Multimodal chat evaluation

Learn how to use the multimodal chat evaluation editor to evaluate generative models across multiple data types, compare model outputs, and refine performance with supported annotation tasks.

The multimodal chat evaluation editor allows you to evaluate generative model responses across multiple data types, including text, images, videos, audio, and PDFs. You can select up to 10 different models, including common foundation models and your custom models, to rate and rank their responses for:

  • Model comparison: Evaluate and compare model configurations for a given use case and decide which one to pick. You can also compare model outputs directly from prompts using predefined criteria to perform a ranking or selection.
  • RLHF(reinforcement learning with human feedback): Create preference data for training a reward model for RLHF based on multiple outputs from a single model or different model.

The editor has the following modes:

  • Live multimodal chat supports live, multi-turn conversations with models for evaluation.
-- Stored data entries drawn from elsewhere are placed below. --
lemma adjacent_arcs_halfdiag:
  assumes "1 \<le> l" "2 * l \<le> n"
  shows "(adjacent_arcs l, last_arc_left_blob l) \<in> halfdiags n l"
proof -
  have free: "free_vertices n (adjacent_arcs l) = {2 * l + 1..n}"
    unfolding free_vertices_def endpoints_adjacent_arcs by auto
  have "card (adjacent_arcs l) = l"
    unfolding adjacent_arcs_def by (subst card_image) (auto simp: inj_on_def)
  moreover have "\<forall>g\<in>adjacent_arcs l. \<forall>g'\<in>adjacent_arcs l. g \<noteq> g' \<longrightarrow>
      {fst g, snd g} \<inter> {fst g', snd g'} = {}"
  proof (intro ballI impI)
    fix g g' assume "g \<in> adjacent_arcs l" "g' \<in> adjacent_arcs l" "g \<noteq> g'"
    moreover obtain i j i' j' where "g = (i, j)" "g' = (i', j')" by (cases g, cases g')
    moreover note adjacent_arc_shape[of i j l] adjacent_arc_shape[of i' j' l]
    ultimately have "odd i" "odd i'" "g = (i, i + 1)" "g' = (i', i' + 1)" "i \<noteq> i'" by auto
    then show "{fst g, snd g} \<inter> {fst g', snd g'} = {}" by auto
  qed
  moreover have "left_exposed n (adjacent_arcs l) (2 * l - 1, 2 * l)"
    unfolding left_exposed_def free by (auto simp: adjacent_arcs_def)
  moreover have "\<forall>(i, j)\<in>adjacent_arcs l. 1 \<le> i \<and> i < j \<and> j \<le> n"
    using adjacent_arc_shape[of _ _ l] assms(2) by (fastforce elim: oddE)
  moreover have "\<forall>(i, j)\<in>adjacent_arcs l. \<forall>v. \<not> (i < v \<and> v < j)"
    using adjacent_arc_shape[of _ _ l] by fastforce
  ultimately show ?thesis
    using last_adjacent_arc[OF assms(1)]
    unfolding halfdiags_def is_halfdiag_def Let_def fst_conv snd_conv
    by (simp add: last_arc_left_blob_def) blast
qed
(* Let $\mathcal{P}$ be a process LTS and $\mathcal{E}$ an environment LTS over the same action set $A$. (i) $\sim_e\ \subseteq\ \sim^{ji}_e$ for every environment $e$. (ii) If $A$ contains two distinct actions $a,b$ and there are states $x,y$ occurring both as processes and as environments with (up to isomorphism of reachable parts) $y$ having exactly the transitions $y\xrightarrow{a}y_1\xrightarrow{b}y_2$, and $x$ having exactly the transitions $x\xrightarrow{a}x_1\xrightarrow{b}x_2$ and $x\xrightarrow{a}x_3$, where $x_2,x_3,y_2$ have no transitions (i.e. $y=a.b$ and $x=a.b+a$), then there is an environment $e$ with $\sim_e\ \subsetneq\ \sim^{ji}_e$ (namely $e=x$, with $y\sim^{ji}_e x$ but not $y\sim_e x$). (iii) $\sim^{ji}_e\ \subseteq\ \simeq^{ji}_e$ for every environment $e$. (iv) Under the same proviso as in (ii), there is an environment $g$ with $\sim^{ji}_g\ \subsetneq\ \simeq^{ji}_g$ (namely $g=y$, with $y\simeq^{ji}_g x$ but not $y\sim^{ji}_g x$).
   Context: A labeled transition system (LTS) is a triple $\langle \mathrm{St},A,\to\rangle$ with states, actions, and transitions $s\xrightarrow{a}t$. A process LTS $\mathcal{P}=\langle \mathrm{Pr},A,\to\rangle$ has states called processes; an environment LTS $\mathcal{E}=\langle\mathrm{Env},A,\Rightarrow\rangle$ has states called environments, transitions $e\xRightarrow{a}e'$. A simulation is a nonempty relation $S$ on states such that $s\,S\,t$ and $s\xrightarrow{a}s'$ imply some $t\xrightarrow{a}t'$ with $s'\,S\,t'$; a bisimulation is a relation $B$ such that $B$ and its converse are simulations; $\le$ and $\sim$ denote simulatability and bisimilarity (existence of a simulation, resp. bisimulation, relating the states). An $\mathcal{E}$-parameterized bisimulation is a family $(B_f)_{f\in\mathrm{Env}}$ of nonempty relations on $\mathrm{Pr}$ such that whenever $p\,B_e\,q$ and $e\xRightarrow{a}e'$: every $p\xrightarrow{a}p'$ is matched by some $q\xrightarrow{a}q'$ with $p'\,B_{e'}\,q'$, and every $q\xrightarrow{a}q'$ by some $p\xrightarrow{a}p'$ with $p'\,B_{e'}\,q'$. $p\sim_e q$ iff some such family has $p\,B_e\,q$. The join LTS $\mathcal{P}\mathbin{\&}\mathcal{E}$ has states $p\mathbin{\&}e$ and transitions $p\mathbin{\&}e\xrightarrow{a}p'\mathbin{\&}e'$ iff $p\xrightarrow{a}p'$ and $e\xRightarrow{a}e'$. $p\le^{ji}_e q$ iff $p\mathbin{\&}e\le q\mathbin{\&}e$; $p\sim^{ji}_e q$ iff $p\mathbin{\&}e\sim q\mathbin{\&}e$; $p\simeq^{ji}_e q$ iff $p\le^{ji}_e q$ and $q\le^{ji}_e p$. *)

theory Defs
  imports Main
begin

text \<open>An LTS is represented by its transition predicate T s a t (s --a--> t).\<close>

definition simulation :: "('s \<Rightarrow> 'a \<Rightarrow> 's \<Rightarrow> bool) \<Rightarrow> ('s \<Rightarrow> 's \<Rightarrow> bool) \<Rightarrow> bool" where
  "simulation T S \<longleftrightarrow> (\<exists>s t. S s t) \<and>
     (\<forall>s t a s'. S s t \<and> T s a s' \<longrightarrow> (\<exists>t'. T t a t' \<and> S s' t'))"

definition bisimulation :: "('s \<Rightarrow> 'a \<Rightarrow> 's \<Rightarrow> bool) \<Rightarrow> ('s \<Rightarrow> 's \<Rightarrow> bool) \<Rightarrow> bool" where
  "bisimulation T B \<longleftrightarrow> simulation T B \<and> simulation T (conversep B)"

definition simulatable :: "('s \<Rightarrow> 'a \<Rightarrow> 's \<Rightarrow> bool) \<Rightarrow> 's \<Rightarrow> 's \<Rightarrow> bool" where
  "simulatable T s t \<longleftrightarrow> (\<exists>S. simulation T S \<and> S s t)"

definition bisimilar :: "('s \<Rightarrow> 'a \<Rightarrow> 's \<Rightarrow> bool) \<Rightarrow> 's \<Rightarrow> 's \<Rightarrow> bool" where
  "bisimilar T s t \<longleftrightarrow> (\<exists>B. bisimulation T B \<and> B s t)"

definition param_bisimulation ::
  "('p \<Rightarrow> 'a \<Rightarrow> 'p \<Rightarrow> bool) \<Rightarrow> ('e \<Rightarrow> 'a \<Rightarrow> 'e \<Rightarrow> bool) \<Rightarrow> ('e \<Rightarrow> 'p \<Rightarrow> 'p \<Rightarrow> bool) \<Rightarrow> bool" where
  "param_bisimulation TP TE B \<longleftrightarrow> (\<forall>f. \<exists>p q. B f p q) \<and>
     (\<forall>e p q a e'. B e p q \<and> TE e a e' \<longrightarrow>
        (\<forall>p'. TP p a p' \<longrightarrow> (\<exists>q'. TP q a q' \<and> B e' p' q')) \<and>
        (\<forall>q'. TP q a q' \<longrightarrow> (\<exists>p'. TP p a p' \<and> B e' p' q')))"

definition param_bisimilar ::
  "('p \<Rightarrow> 'a \<Rightarrow> 'p \<Rightarrow> bool) \<Rightarrow> ('e \<Rightarrow> 'a \<Rightarrow> 'e \<Rightarrow> bool) \<Rightarrow> 'e \<Rightarrow> 'p \<Rightarrow> 'p \<Rightarrow> bool" where
  "param_bisimilar TP TE e p q \<longleftrightarrow> (\<exists>B. param_bisimulation TP TE B \<and> B e p q)"

definition join :: "('p \<Rightarrow> 'a \<Rightarrow> 'p \<Rightarrow> bool) \<Rightarrow> ('e \<Rightarrow> 'a \<Rightarrow> 'e \<Rightarrow> bool) \<Rightarrow> ('p \<times> 'e) \<Rightarrow> 'a \<Rightarrow> ('p \<times> 'e) \<Rightarrow> bool" where
  "join TP TE s a s' \<longleftrightarrow> TP (fst s) a (fst s') \<and> TE (snd s) a (snd s')"

definition ji_sim :: "('p \<Rightarrow> 'a \<Rightarrow> 'p \<Rightarrow> bool) \<Rightarrow> ('e \<Rightarrow> 'a \<Rightarrow> 'e \<Rightarrow> bool) \<Rightarrow> 'e \<Rightarrow> 'p \<Rightarrow> 'p \<Rightarrow> bool" where
  "ji_sim TP TE e p q \<longleftrightarrow> simulatable (join TP TE) (p, e) (q, e)"

definition ji_bisim :: "('p \<Rightarrow> 'a \<Rightarrow> 'p \<Rightarrow> bool) \<Rightarrow> ('e \<Rightarrow> 'a \<Rightarrow> 'e \<Rightarrow> bool) \<Rightarrow> 'e \<Rightarrow> 'p \<Rightarrow> 'p \<Rightarrow> bool" where
  "ji_bisim TP TE e p q \<longleftrightarrow> bisimilar (join TP TE) (p, e) (q, e)"

definition ji_simeq :: "('p \<Rightarrow> 'a \<Rightarrow> 'p \<Rightarrow> bool) \<Rightarrow> ('e \<Rightarrow> 'a \<Rightarrow> 'e \<Rightarrow> bool) \<Rightarrow> 'e \<Rightarrow> 'p \<Rightarrow> 'p \<Rightarrow> bool" where
  "ji_simeq TP TE e p q \<longleftrightarrow> ji_sim TP TE e p q \<and> ji_sim TP TE e q p"

definition is_ab :: "('s \<Rightarrow> 'a \<Rightarrow> 's \<Rightarrow> bool) \<Rightarrow> 'a \<Rightarrow> 'a \<Rightarrow> 's \<Rightarrow> bool" where
  "is_ab T a b s \<longleftrightarrow> (\<exists>s1 s2.
     (\<forall>c t. T s c t \<longleftrightarrow> c = a \<and> t = s1) \<and>
     (\<forall>c t. T s1 c t \<longleftrightarrow> c = b \<and> t = s2) \<and>
     (\<forall>c t. \<not> T s2 c t))"

definition is_ab_plus_a :: "('s \<Rightarrow> 'a \<Rightarrow> 's \<Rightarrow> bool) \<Rightarrow> 'a \<Rightarrow> 'a \<Rightarrow> 's \<Rightarrow> bool" where
  "is_ab_plus_a T a b s \<longleftrightarrow> (\<exists>s1 s2 s3.
     (\<forall>c t. T s c t \<longleftrightarrow> c = a \<and> (t = s1 \<or> t = s3)) \<and>
     (\<forall>c t. T s1 c t \<longleftrightarrow> c = b \<and> t = s2) \<and>
     (\<forall>c t. \<not> T s2 c t) \<and>
     (\<forall>c t. \<not> T s3 c t))"

end

theory Submission
  imports Defs
begin

(* Restricting a parameterised bisimulation B to pairs with a common environment, (p, e) related to
   (q, e) iff B e p q, gives a bisimulation of the join; and a bisimulation of the join consists of
   two mutually inverse simulations. This gives (i) and (iii).
   For (ii), in the environment a.b + a both processes can move into the dead branch of the
   environment, which answers the move of a.b + a to its dead a-successor, so a.b and a.b + a are
   join-bisimilar. A parameterised bisimulation must answer that process move along the live branch
   of the environment as well, where a.b can continue with b and the dead successor cannot.
   For (iv), a.b and a.b + a simulate each other already as processes, hence in every environment.
   In the environment a.b, however, the joint move of a.b + a to its dead a-successor can only be
   answered by a.b moving to a state that can still do b together with the environment. *)

definition stuck :: "('s \<Rightarrow> 'a \<Rightarrow> 's \<Rightarrow> bool) \<Rightarrow> 's \<Rightarrow> bool" where
  "stuck T s \<longleftrightarrow> (\<forall>a t. \<not> T s a t)"
definition is_prox_point :: "('a::real_normed_vector \<Rightarrow> ereal) \<Rightarrow> real \<Rightarrow> 'a \<Rightarrow> 'a \<Rightarrow> bool" where
  "is_prox_point h \<gamma> u p \<longleftrightarrow>
     (\<forall>w. h p + ereal (norm (p - u)^2 / (2 * \<gamma>)) \<le> h w + ereal (norm (w - u)^2 / (2 * \<gamma>)))"

lemma prox_eq_The_is_prox_point: "prox h \<gamma> u = (THE p. is_prox_point h \<gamma> u p)"
  by (simp add: prox_def is_prox_point_def)

lemma le_0_if_le_mult_small:
  fixes A B :: real
  assumes "\<And>t. 0 < t \<Longrightarrow> t < 1 \<Longrightarrow> A \<le> t * B"
  shows "A \<le> 0"
proof (rule tendsto_lowerbound)
  show "((\<lambda>t. t * B) \<longlongrightarrow> 0) (at_right 0)"
    using tendsto_mult_right[OF tendsto_ident_at, of B "0::real" "{0<..}"] by simp
  show "\<forall>\<^sub>F t in at_right 0. A \<le> t * B"
    using eventually_at_right_real[of 0 1] by (rule eventually_mono) (use assms in auto)
qed simp

lemma is_prox_point_variational:
  assumes "convex_fun h" "\<gamma> > 0" "is_prox_point h \<gamma> u p" "h p = ereal a" "h w = ereal b"
  shows "inner (u - p) (w - p) \<le> \<gamma> * (b - a)"
proof -
  \<comment> \<open>compare p with the point at position t on the segment from p to w, then let t tend to 0\<close>
  have "2 * \<gamma> * (a - b) + 2 * inner (u - p) (w - p) \<le> t * norm (w - p)^2"
    if t: "0 < t" "t < 1" for t
  proof -
    define wt where "wt = (1 - t) *\<^sub>R p + t *\<^sub>R w"
    have "h wt \<le> ereal (1 - t) * h p + ereal t * h w"
      using assms(1) t unfolding convex_fun_def wt_def by auto
    then have hwt: "h wt \<le> ereal ((1 - t) * a + t * b)"
      by (simp add: assms(4,5))
    have "ereal a + ereal (norm (p - u)^2 / (2 * \<gamma>)) \<le> h wt + ereal (norm (wt - u)^2 / (2 * \<gamma>))"
      using assms(3,4) by (metis is_prox_point_def)
    also have "\<dots> \<le> ereal ((1 - t) * a + t * b) + ereal (norm (wt - u)^2 / (2 * \<gamma>))"
      using hwt by (rule add_right_mono)
    finally have le: "a + norm (p - u)^2 / (2 * \<gamma>) \<le> (1 - t) * a + t * b + norm (wt - u)^2 / (2 * \<gamma>)"
      by simp
    have "2 * \<gamma> * a + norm (p - u)^2 = 2 * \<gamma> * (a + norm (p - u)^2 / (2 * \<gamma>))"
      using assms(2) by (simp add: field_simps)
    also have "\<dots> \<le> 2 * \<gamma> * ((1 - t) * a + t * b + norm (wt - u)^2 / (2 * \<gamma>))"
      using le assms(2) by (intro mult_left_mono) auto
    also have "\<dots> = 2 * \<gamma> * ((1 - t) * a + t * b) + norm (wt - u)^2"
      using assms(2) by (simp add: field_simps)
    finally have "2 * \<gamma> * a + norm (p - u)^2 \<le> 2 * \<gamma> * ((1 - t) * a + t * b) + norm (wt - u)^2" .
    moreover have "norm (wt - u)^2 = norm (p - u)^2 - 2 * t * inner (u - p) (w - p) + t^2 * norm (w - p)^2"
    proof -
      have "wt - u = (p - u) + t *\<^sub>R (w - p)"
        by (simp add: wt_def algebra_simps)
      then show ?thesis
        unfolding power2_norm_eq_inner by (simp only:)
          (simp add: inner_commute algebra_simps power2_eq_square)
    qed
    ultimately have "t * (2 * \<gamma> * (a - b) + 2 * inner (u - p) (w - p)) \<le> t * (t * norm (w - p)^2)"
      by (simp add: algebra_simps power2_eq_square)
    with t show ?thesis
      by simp
  qed
  then have "2 * \<gamma> * (a - b) + 2 * inner (u - p) (w - p) \<le> 0"
    by (intro le_0_if_le_mult_small) auto
  then show ?thesis
    by (simp add: algebra_simps)
qed

lemma lsc_fun_add_continuous:
  fixes h :: "'a::metric_space \<Rightarrow> ereal"
  assumes lsc: "lsc_fun h" and cont: "\<And>x. isCont q x"
  shows "lsc_fun (\<lambda>x. h x + ereal (q x))"
  unfolding lsc_fun_def
proof (intro allI impI)
  fix x and X :: "nat \<Rightarrow> 'a" assume X: "X \<longlonglongrightarrow> x"
  then have q_lim: "(\<lambda>n. ereal (q (X n))) \<longlonglongrightarrow> ereal (q x)"
    using cont isCont_tendsto_compose tendsto_ereal by blast
  have "h x + ereal (q x) \<le> liminf (\<lambda>n. h (X n)) + ereal (q x)"
    using lsc X unfolding lsc_fun_def by (blast intro: add_right_mono)
  also have "\<dots> = liminf (\<lambda>n. h (X n) + ereal (q (X n)))"
    using ereal_liminf_lim_add[OF q_lim, of "\<lambda>n. h (X n)"] by (simp add: add.commute)
  finally show "h x + ereal (q x) \<le> liminf (\<lambda>n. h (X n) + ereal (q (X n)))" .
qed
(* Let $E$ be a real Banach space. For every $f\in H_0[E]_+$ there is a regular Borel probability measure $\mu$ on $(B_{E^{**}},w^* )$ such that $f(x^* )\le\|f\|_{FBL[E]}\,f_\mu(x^* )$ for all $x^*\in E^*$, where $f_\mu(x^* )=\int_{B_{E^{**}}}|x^*(\cdot)|\,d\mu$ (with $x^*(x^{**}):=x^{**}(x^* )$).
   Context: For a real Banach space $E$ with dual $E^*$ and closed unit ball $B_E$, let $H[E]$ be the vector space of all positively homogeneous functions $f:E^*\to\mathbb R$ ($f(\lambda x^* )=\lambda f(x^* )$ for $\lambda>0$). For $f\in H[E]$ put $\|f\|_{FBL[E]}:=\sup\{\sum_{k=1}^n|f(x_k^* )| : n\in\mathbb N,\ x_1^*,\dots,x_n^*\in E^*,\ \sup_{x\in B_E}\sum_{k=1}^n|x_k^*(x)|\le 1\}$. $H_0[E]:=\{f\in H[E]:\|f\|_{FBL[E]}<\infty\}$, a Banach lattice with this norm and pointwise order; $H_0[E]_+$ is its positive cone. *)

theory Defs
  imports "HOL-Analysis.Analysis" "HOL-Probability.Probability"
begin

text \<open>The closed unit ball of the bidual with the weak-star topology, i.e. the
  initial topology of the evaluations at elements of the dual.\<close>
definition weak_star_bidual_ball :: "(('a::real_normed_vector \<Rightarrow>\<^sub>L real) \<Rightarrow>\<^sub>L real) topology" where
  "weak_star_bidual_ball =
     pullback_topology (cball 0 1) blinfun_apply (product_topology (\<lambda>_. euclideanreal) UNIV)"

definition borel_of :: "'a topology \<Rightarrow> 'a measure" where
  "borel_of T = sigma (topspace T) {U. openin T U}"

definition regular_measure_on :: "'a topology \<Rightarrow> 'a measure \<Rightarrow> bool" where
  "regular_measure_on T \<mu> \<longleftrightarrow>
     (\<forall>A\<in>sets \<mu>.
        emeasure \<mu> A = (SUP K\<in>{K. compactin T K \<and> K \<subseteq> A}. emeasure \<mu> K) \<and>
        emeasure \<mu> A = (INF U\<in>{U. openin T U \<and> A \<subseteq> U}. emeasure \<mu> U))"

definition pos_homogeneous :: "(('a::real_normed_vector \<Rightarrow>\<^sub>L real) \<Rightarrow> real) \<Rightarrow> bool" where
  "pos_homogeneous f \<longleftrightarrow> (\<forall>x c. c > 0 \<longrightarrow> f (c *\<^sub>R x) = c * f x)"

definition fbl_admissible :: "('a::real_normed_vector \<Rightarrow>\<^sub>L real) list \<Rightarrow> bool" where
  "fbl_admissible xs \<longleftrightarrow> (\<forall>x::'a. norm x \<le> 1 \<longrightarrow> (\<Sum>y\<leftarrow>xs. \<bar>y x\<bar>) \<le> 1)"

definition fbl_sums :: "(('a::real_normed_vector \<Rightarrow>\<^sub>L real) \<Rightarrow> real) \<Rightarrow> real set" where
  "fbl_sums f = {(\<Sum>y\<leftarrow>xs. \<bar>f y\<bar>) | xs. fbl_admissible xs}"

definition fbl_norm :: "(('a::real_normed_vector \<Rightarrow>\<^sub>L real) \<Rightarrow> real) \<Rightarrow> real" where
  "fbl_norm f = Sup (fbl_sums f)"

definition H0 :: "(('a::real_normed_vector \<Rightarrow>\<^sub>L real) \<Rightarrow> real) set" where
  "H0 = {f. pos_homogeneous f \<and> bdd_above (fbl_sums f)}"

definition H0_pos :: "(('a::real_normed_vector \<Rightarrow>\<^sub>L real) \<Rightarrow> real) set" where
  "H0_pos = {f. f \<in> H0 \<and> (\<forall>x. 0 \<le> f x)}"

end

theory Submission
  imports Defs
begin

text \<open>Write \<open>N = fbl_norm f\<close> and, for a finite list \<open>L\<close> of functionals, \<open>g L = fbl_slack f L\<close>:
  \<open>g L z = N * (\<Sum>y\<leftarrow>L. \<bar>z y\<bar>) - (\<Sum>y\<leftarrow>L. f y)\<close> on the unit ball \<open>K\<close> of the bidual, which is
  weak-star compact by Banach--Alaoglu. The functions \<open>g L\<close> form a convex cone of continuous
  functions, each with nonnegative supremum: on the canonical image of the unit ball of \<open>E\<close>
  this is the inequality \<open>(\<Sum>y\<leftarrow>L. f y) \<le> N * sup\<^sub>x (\<Sum>y\<leftarrow>L. \<bar>y x\<bar>)\<close> built into the definition of
  \<open>N\<close>. Hahn--Banach, applied to the sublinear functional \<open>h \<mapsto> inf\<^sub>L sup\<^sub>K (h + g L)\<close> on \<open>C(K)\<close>,
  gives a state on \<open>C(K)\<close> that is nonnegative on every \<open>g L\<close>. The Riesz representation theorem
  turns it into a regular Borel probability measure \<open>\<mu>\<close>, and \<open>0 \<le> \<integral> g [x\<^sup>*] d\<mu>\<close> is the claim.\<close>

section \<open>Hahn--Banach for spaces of real functions\<close>

definition dominated_linear_graph ::
    "('b \<Rightarrow> real) set \<Rightarrow> (('b \<Rightarrow> real) \<Rightarrow> real) \<Rightarrow> (('b \<Rightarrow> real) \<times> real) set \<Rightarrow> bool" where
  "dominated_linear_graph V p G \<longleftrightarrow>
     (\<forall>x a. (x, a) \<in> G \<longrightarrow> x \<in> V \<and> a \<le> p x) \<and> ((\<lambda>_. 0), 0) \<in> G \<and>
     (\<forall>x a y b. (x, a) \<in> G \<longrightarrow> (y, b) \<in> G \<longrightarrow> ((\<lambda>u. x u + y u), a + b) \<in> G) \<and>
     (\<forall>x a c. (x, a) \<in> G \<longrightarrow> ((\<lambda>u. c * x u), c * a) \<in> G)"

lemma dominated_linear_graphI:
  assumes "\<And>x a. (x, a) \<in> G \<Longrightarrow> x \<in> V" and "\<And>x a. (x, a) \<in> G \<Longrightarrow> a \<le> p x"
    and "((\<lambda>_. 0), 0) \<in> G"
    and "\<And>x a y b. (x, a) \<in> G \<Longrightarrow> (y, b) \<in> G \<Longrightarrow> ((\<lambda>u. x u + y u), a + b) \<in> G"
    and "\<And>x a c. (x, a) \<in> G \<Longrightarrow> ((\<lambda>u. c * x u), c * a) \<in> G"
  shows "dominated_linear_graph V p G"
  using assms unfolding dominated_linear_graph_def by blast

lemma dominated_linear_graphD:
  assumes "dominated_linear_graph V p G"
  shows dominated_linear_graph_in: "\<And>x a. (x, a) \<in> G \<Longrightarrow> x \<in> V"
    and dominated_linear_graph_le: "\<And>x a. (x, a) \<in> G \<Longrightarrow> a \<le> p x"
    and dominated_linear_graph_zero: "((\<lambda>_. 0), 0) \<in> G"
    and dominated_linear_graph_add:
      "\<And>x a y b. (x, a) \<in> G \<Longrightarrow> (y, b) \<in> G \<Longrightarrow> ((\<lambda>u. x u + y u), a + b) \<in> G"
    and dominated_linear_graph_scale: "\<And>x a c. (x, a) \<in> G \<Longrightarrow> ((\<lambda>u. c * x u), c * a) \<in> G"
  using assms unfolding dominated_linear_graph_def by blast+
Unlike other editors, your team can type prompts to trigger inferencing on the given prompt and return model outputs without importing data into a dataset.
  • Offline multimodal chat allows you to import existing conversations for annotating model responses.

Supported annotation types

FeatureDescriptionExport format
Message rankingRank multiple model-generated responses to determine their relative quality or relevance.Payload
Message selectionSelect single or multiple responses that meet specific criteria.Payload
Message step reasoningBreak responses into steps and evaluate the accuracy of each step by selecting from correct, neutral, and incorrect. Add your rewrite with justification for incorrect steps. (Optional, live editor only) Regenerate the rest of the conversation after each incorrect step.Payload
Prompt ratingFlag prompt with issues and select an issue category.Payload
Fact-checkingVerify the factual information in the response using these rating options: Accurate, Inaccurate, Disputed, Unsupported, Can’t confidently assess, or No factual information. For Accurate, Inaccurate, and Disputed, provide a justification explaining your choice.Payload
Classification - RadioSelect one option from a predefined set.Payload
Classification - ChecklistChoose multiple options from a list.Payload
Classification - Free textAdd free text annotations.Payload

Classification tasks can apply globally to the entire conversation or individually to a message. They can also nest subclassification tasks.

📘

Message step reasoning best practices

Message step reasoning is an experimental feature. For projects using ontologies with the step reasoning task, ensure that prompts lead to responses that can be easily broken down into clear steps.

AI critic

AI critic is a live multimodal chat evaluation feature that provides in-editor AI assistance to identify grammar issues and code inconsistencies. You can use this tool to refine your own responses to prompts to create more accurate and consistent multimodal chat evaluation labels.

Analytics view for annotations

The multimodal chat evaluation editor has some special metrics that provide insights into the project overview.

Ranking

Depending on the number of model outputs you have configured, a horizontal ranking graph will appear to provide a visual analysis of LLM (large language model) win rate.

For each position, how often a model output was chosen. A longer bar means it was chosen more often in that position.

Selection

You can also have a selection with different defined topics to further your use case.

Model variance histograms

This chart shows a model's position in terms of how often it wins, with a variance chart showing how consistent it is in that position against other models.